1. Compute the accuracy of the model.
2. Display the confusion matrix.
3. Compute the precision, recall and f1-score.
4. Comment on your results and compare with the other algorithms.


In [None]:
#1.

from sklearn.metrics import accuracy_score

accuracy_log = accuracy_score(y_test, y_pred_log)
print("Accuracy Score log :", accuracy_log)

accuracy_lda = accuracy_score(y_test, y_pred_lda)
print("Accuracy Score lda :", accuracy_lda)

accuracy_qda = accuracy_score(y_test, y_pred_qda)
print("Accuracy Score qda :", accuracy_qda)

accuracy_svm = accuracy_score(y_test, y_pred_svm)
print("Accuracy Score svm :", accuracy_svm)

Accuracy Score log : 0.9649122807017544
Accuracy Score lda : 0.956140350877193
Accuracy Score qda : 0.956140350877193
Accuracy Score svm : 0.956140350877193


In [None]:
#2.

from sklearn.metrics import confusion_matrix

def conf_mat (target_pred, target_test) :
  classification_confusion_matrix = confusion_matrix(target_test, target_pred)
  label_names = pd.Series(['ill', 'healthy'])

  print(f"Accuracy:{accuracy_score(target_pred, target_test)}")
  return pd.DataFrame(classification_confusion_matrix,
                columns='predicted ' + label_names,
                index='is ' + label_names)\
      .div(classification_confusion_matrix.sum(axis=1), axis=0) # converts the numbers into percentages

In [None]:
conf_mat(y_pred_log,y_test)

Accuracy:0.9649122807017544


Unnamed: 0,predicted ill,predicted healthy
is ill,0.930233,0.069767
is healthy,0.014085,0.985915


In [None]:
conf_mat(y_pred_lda,y_test)

Accuracy:0.956140350877193


Unnamed: 0,predicted ill,predicted healthy
is ill,0.906977,0.093023
is healthy,0.014085,0.985915


In [None]:
conf_mat(y_pred_qda,y_test)

Accuracy:0.956140350877193


Unnamed: 0,predicted ill,predicted healthy
is ill,0.953488,0.046512
is healthy,0.042254,0.957746


In [None]:
conf_mat(y_pred_svm,y_test)

Accuracy:0.956140350877193


Unnamed: 0,predicted ill,predicted healthy
is ill,0.906977,0.093023
is healthy,0.014085,0.985915


In [None]:
#3.

print("Precision log:",metrics.precision_score(y_test, y_pred_log))
print("Precision lda:",metrics.precision_score(y_test, y_pred_lda))
print("Precision qda:",metrics.precision_score(y_test, y_pred_qda))
print("Precision svm:",metrics.precision_score(y_test, y_pred_svm))

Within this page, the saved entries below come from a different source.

(* Let $d,s\in\mathbb{N}_{\ge1}$, let $\boldsymbol\alpha\in\mathbb{N}_{\ge0}^d$ with $\sum_{i=1}^d\alpha_i=\bar\alpha$, and write $a:=\lceil\log_2\bar\alpha\rceil$. For any $0<\epsilon\le\frac{3^{a}-1}{3^{a-1}-1}$ (read as $+\infty$ when $3^{a-1}-1=0$), there exists a ReLU FNN function $f^{(mnm)}_{FF}:\mathbb{R}^d\to\mathbb{R}$ with width $21\cdot2^{a-1}$, depth $C\ln\frac{3^{a}-1}{2\epsilon}$ and weight bound $C$, where $C$ is a constant independent of $\epsilon$, such that for all $\boldsymbol x\in[0,1]^d$, $$|f^{(mnm)}_{FF}(\boldsymbol x)-x_1^{\alpha_1}x_2^{\alpha_2}\cdots x_d^{\alpha_d}|\le\epsilon.$$
   Context: ReLU FNN of depth $L$, width $W$: $f_0=x$, $f_l=\sigma_R(W_lf_{l-1}+b_l)$ ($1\le l\le L-1$), $f=W_Lf_{L-1}+b_L$ with hidden layers of width $W$, $\sigma_R(x)=\max\{x,0\}$; the weight bound is the maximum absolute value of all weights and biases. *)

theory Defs
  imports Complex_Main
begin

text \<open>A network is a list of affine layers (W, b);
 W is given as a list of rows (rows = output dimension), b as a list.
 A network with L layers has depth L: f_0 = x, f_l = relu(W_l f_(l-1) + b_l)
 for 1 <= l <= L-1, and the output is W_L f_(L-1) + b_L (no activation).\<close>

definition relu :: "real \<Rightarrow> real" where
  "relu t = max t 0"

definition affine :: "real list list \<Rightarrow> real list \<Rightarrow> real list \<Rightarrow> real list" where
  "affine W b x = map2 (\<lambda>row bi. (\<Sum>j<length x. row ! j * x ! j) + bi) W b"

fun net_eval :: "(real list list \<times> real list) list \<Rightarrow> real list \<Rightarrow> real list" where
  "net_eval [] x = x"
| "net_eval [(W, b)] x = affine W b x"
| "net_eval ((W, b) # rest) x = net_eval rest (map relu (affine W b x))"

definition layer_ok :: "nat \<Rightarrow> nat \<Rightarrow> real list list \<times> real list \<Rightarrow> bool" where
  "layer_ok n m Wb \<longleftrightarrow> length (fst Wb) = m \<and> length (snd Wb) = m
      \<and> (\<forall>row \<in> set (fst Wb). length row = n)"

definition relu_fnn :: "nat \<Rightarrow> nat \<Rightarrow> nat \<Rightarrow> real \<Rightarrow> (real list list \<times> real list) list \<Rightarrow> bool" where
  "relu_fnn d w L B N \<longleftrightarrow> L \<ge> 1 \<and> length N = L
     \<and> (\<forall>l<L. layer_ok (if l = 0 then d else w) (if l = L - 1 then 1 else w) (N ! l))
     \<and> (\<forall>l<L. (\<forall>row \<in> set (fst (N ! l)). \<forall>c \<in> set row. \<bar>c\<bar> \<le> B)
              \<and> (\<forall>c \<in> set (snd (N ! l)). \<bar>c\<bar> \<le> B))"

end

theory Submission
  imports Defs
begin

text \<open>Write the monomial as a product z_0 z_1 ... z_(n-1) of n = |\<alpha>| coordinates in [0, 1] and
  multiply them in one at a time. A product p q is recovered from squares by polarization,
  p q = 2 ((p + q)/2)^2 - p^2/2 - q^2/2, and each square is replaced by Yarotsky's sawtooth
  approximation u - (\<Sum>t = 1..m. g^t u / 4^t) of u^2, where g is the tent map; it is exact up to
  4^-(m+1) and costs m ReLU layers of constant width. Clipping every intermediate product to
  [0, 1] keeps the arguments of g in range and makes the errors of the n - 1 multiplications
  add up, giving error (n - 1) / 4^m, so m = \<lceil>ln (1/\<epsilon>)\<rceil> + n layers per block suffice.\<close>

section \<open>Sparse ReLU layers\<close>

lemma relu_of_nonneg: "0 \<le> t \<Longrightarrow> relu t = t"
  by (simp add: relu_def)
(* Let $n\ge 2$, $N=\{1,\dots,n\}$, for each $i\in N$ let $A_i$ be a nonempty finite set, $A=\prod_{i\in N}A_i$, $u_i:A\to\mathbb{R}$, $u(a)=(u_i(a))_{i\in N}$, let $\Delta\in(0,1]$ and $\lambda\in\mathbb{R}^n\setminus\{\mathbf 0\}$. If $\mathcal{A}^*_\lambda(\Delta)\subseteq S^C$, then for every $u^{[n]}\in\mathcal{U}^*_\lambda(\Delta)$ there exists $m\in\{1,\dots,n-1\}$ such that $$-\sum_{k=1}^m\Delta^{k-1}w_k(u^{[n]})+\sum_{k=1}^m\Delta^{k-1}w_{n-m+k}(u^{[n]})<0.$$
   Context: For $a^{[n]}=(a^1,\dots,a^n)\in A^n$ extend indices by $a^s=a^{s-n}$ for $s\ge n+1$, and define $$v_i^\Delta(a^{[n]})=\frac{\sum_{k=1}^n\Delta^{k-1}u_i(a^{i+k-1})}{\sum_{k=1}^n\Delta^{k-1}},\qquad W_\lambda(a^{[n]},\Delta)=\sum_{i=1}^n\lambda_i v_i^\Delta(a^{[n]}).$$ $\mathcal{A}^*_\lambda(\Delta)\subseteq A^n$ is the set of maximizers of $W_\lambda(\cdot,\Delta)$ over $A^n$, and $\mathcal{U}^*_\lambda(\Delta)=\{(u(a^1),\dots,u(a^n)):(a^1,\dots,a^n)\in\mathcal{A}^*_\lambda(\Delta)\}$. $S^0=\{a^{[n]}\in A^n: u(a^1)=u(a^2)=\dots=u(a^n)\}$ and $S^C=A^n\setminus S^0$. For $u^{[n]}=(u^1,\dots,u^n)$ with $u^k\in\mathbb{R}^n$, extend indices by $u^m=u^{m-n}$ for $m>n$ and set $w_k(u^{[n]})=\sum_{i=1}^n\lambda_iu_i^{i+k-1}$ for $k=1,\dots,n$. *)

theory Defs
  imports "HOL-Analysis.Analysis"
begin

print("\nRecall log :",metrics.recall_score(y_test, y_pred_log))
print("Recall lda :",metrics.recall_score(y_test, y_pred_lda))
print("Recall qda :",metrics.recall_score(y_test, y_pred_qda))
print("Recall svm :",metrics.recall_score(y_test, y_pred_svm))

print("\nf1 log :",metrics.recall_score(y_test, y_pred_log))
print("f1 lda :",metrics.recall_score(y_test, y_pred_lda))
print("f1 qda :",metrics.recall_score(y_test, y_pred_qda))
print("f1 svm :",metrics.recall_score(y_test, y_pred_svm))

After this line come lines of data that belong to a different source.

theorem mainTheorem6:
  fixes m :: nat and A :: "nat \<Rightarrow> 'a set"
    and rstar Qhat :: "nat \<Rightarrow> 'x \<Rightarrow> (nat \<Rightarrow> 'a) \<Rightarrow> real"
    and ref pihat :: "nat \<Rightarrow> 'x \<Rightarrow> 'a \<Rightarrow> real" and \<eta> :: real
  assumes fin: "\<And>j. j < m \<Longrightarrow> finite (A j) \<and> A j \<noteq> {}"
    and eta: "\<eta> > 0"
    and r_range: "\<And>j x a. j < m \<Longrightarrow> a \<in> PiE {..<m} A \<Longrightarrow> 0 \<le> rstar j x a \<and> rstar j x a \<le> 1"
    and Q_range: "\<And>j x a. j < m \<Longrightarrow> a \<in> PiE {..<m} A \<Longrightarrow> 0 \<le> Qhat j x a \<and> Qhat j x a \<le> 1"
    and ref_dist: "\<And>j x. j < m \<Longrightarrow> is_dist (A j) (ref j x)"
    and pihat_dist: "\<And>j x. j < m \<Longrightarrow> is_dist (A j) (pihat j x)"
    and nash: "\<And>j x p. j < m \<Longrightarrow> is_dist (A j) p \<Longrightarrow>
        Vval m A Qhat ref \<eta> (pihat(j := (\<lambda>y. p))) j x \<le> Vval m A Qhat ref \<eta> pihat j x"
    and i: "i < m"
  shows "Vdagger m A rstar ref \<eta> pihat i x - Vval m A rstar ref \<eta> pihat i x
     \<le> ereal (\<eta> / 2 * Max ((\<lambda>ai. E_minus m A pihat i x
            (\<lambda>b. (Qhat i x (b(i := ai)) - rstar i x (b(i := ai)))\<^sup>2)) ` A i))"
proof -
  define u where "u rw ai = E_minus m A pihat i x (\<lambda>b. rw i x (b(i := ai)))" for rw ai
  define M where "M = Max ((\<lambda>ai. E_minus m A pihat i x
      (\<lambda>b. (Qhat i x (b(i := ai)) - rstar i x (b(i := ai)))\<^sup>2)) ` A i)"
  have finA: "\<And>j. j < m \<Longrightarrow> finite (A j)"
    using fin by blast
  have V_upd: "Vval m A rw ref \<eta> (pihat(i := (\<lambda>y. p))) i x = reg_value (A i) (ref i x) \<eta> (u rw) p"
    for rw p
    using Vval_eq_reg_value[OF i finA, where pol = "pihat(i := (\<lambda>y. p))" and rw = rw and x = x]
    unfolding u_def E_minus_fun_upd_self by simp
  have V: "Vval m A rw ref \<eta> pihat i x = reg_value (A i) (ref i x) \<eta> (u rw) (pihat i x)" for rw
    using Vval_eq_reg_value[OF i finA, where pol = pihat and rw = rw and x = x]
    unfolding u_def .
  have max: "\<forall>p. is_dist (A i) p \<longrightarrow>
      reg_value (A i) (ref i x) \<eta> (u Qhat) p \<le> reg_value (A i) (ref i x) \<eta> (u Qhat) (pihat i x)"
    using nash[OF i, where x = x] unfolding V_upd V by blast
  have close: "\<forall>a\<in>A i. (u Qhat a - u rstar a)\<^sup>2 \<le> M"
  proof
    fix a assume a: "a \<in> A i"
    have "(u Qhat a - u rstar a)\<^sup>2
        \<le> E_minus m A pihat i x (\<lambda>b. (Qhat i x (b(i := a)) - rstar i x (b(i := a)))\<^sup>2)"
      unfolding u_def E_minus_diff by (rule E_minus_square_le[OF finA pihat_dist])
    also have "\<dots> \<le> M"
      unfolding M_def using fin[OF i] a by (intro Max_ge) auto
    finally show "(u Qhat a - u rstar a)\<^sup>2 \<le> M" .
  qed
  show ?thesis
    unfolding Vdagger_def V_upd V M_def[symmetric]
    using reg_value_regret_le[OF eta _ ref_dist[OF i] pihat_dist[OF i] max close] fin[OF i]
    by blast
qed

end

Precision log: 0.958904109589041
Precision lda: 0.9459459459459459
Precision qda: 0.9714285714285714
Precision svm: 0.9459459459459459

Recall log : 0.9859154929577465
Recall lda : 0.9859154929577465
Recall qda : 0.9577464788732394
Recall svm : 0.9859154929577465

f1 log : 0.9859154929577465
f1 lda : 0.9859154929577465
f1 qda : 0.9577464788732394
f1 svm : 0.9859154929577465


**Answer**

4. The four tested algorithm perform well on this dataset (above 95% accuracy and above 95% f1-score). One can deduce that observations were almost linearly seperables. Otherwise, algorithms with linear decision boudaries would not have performed this well.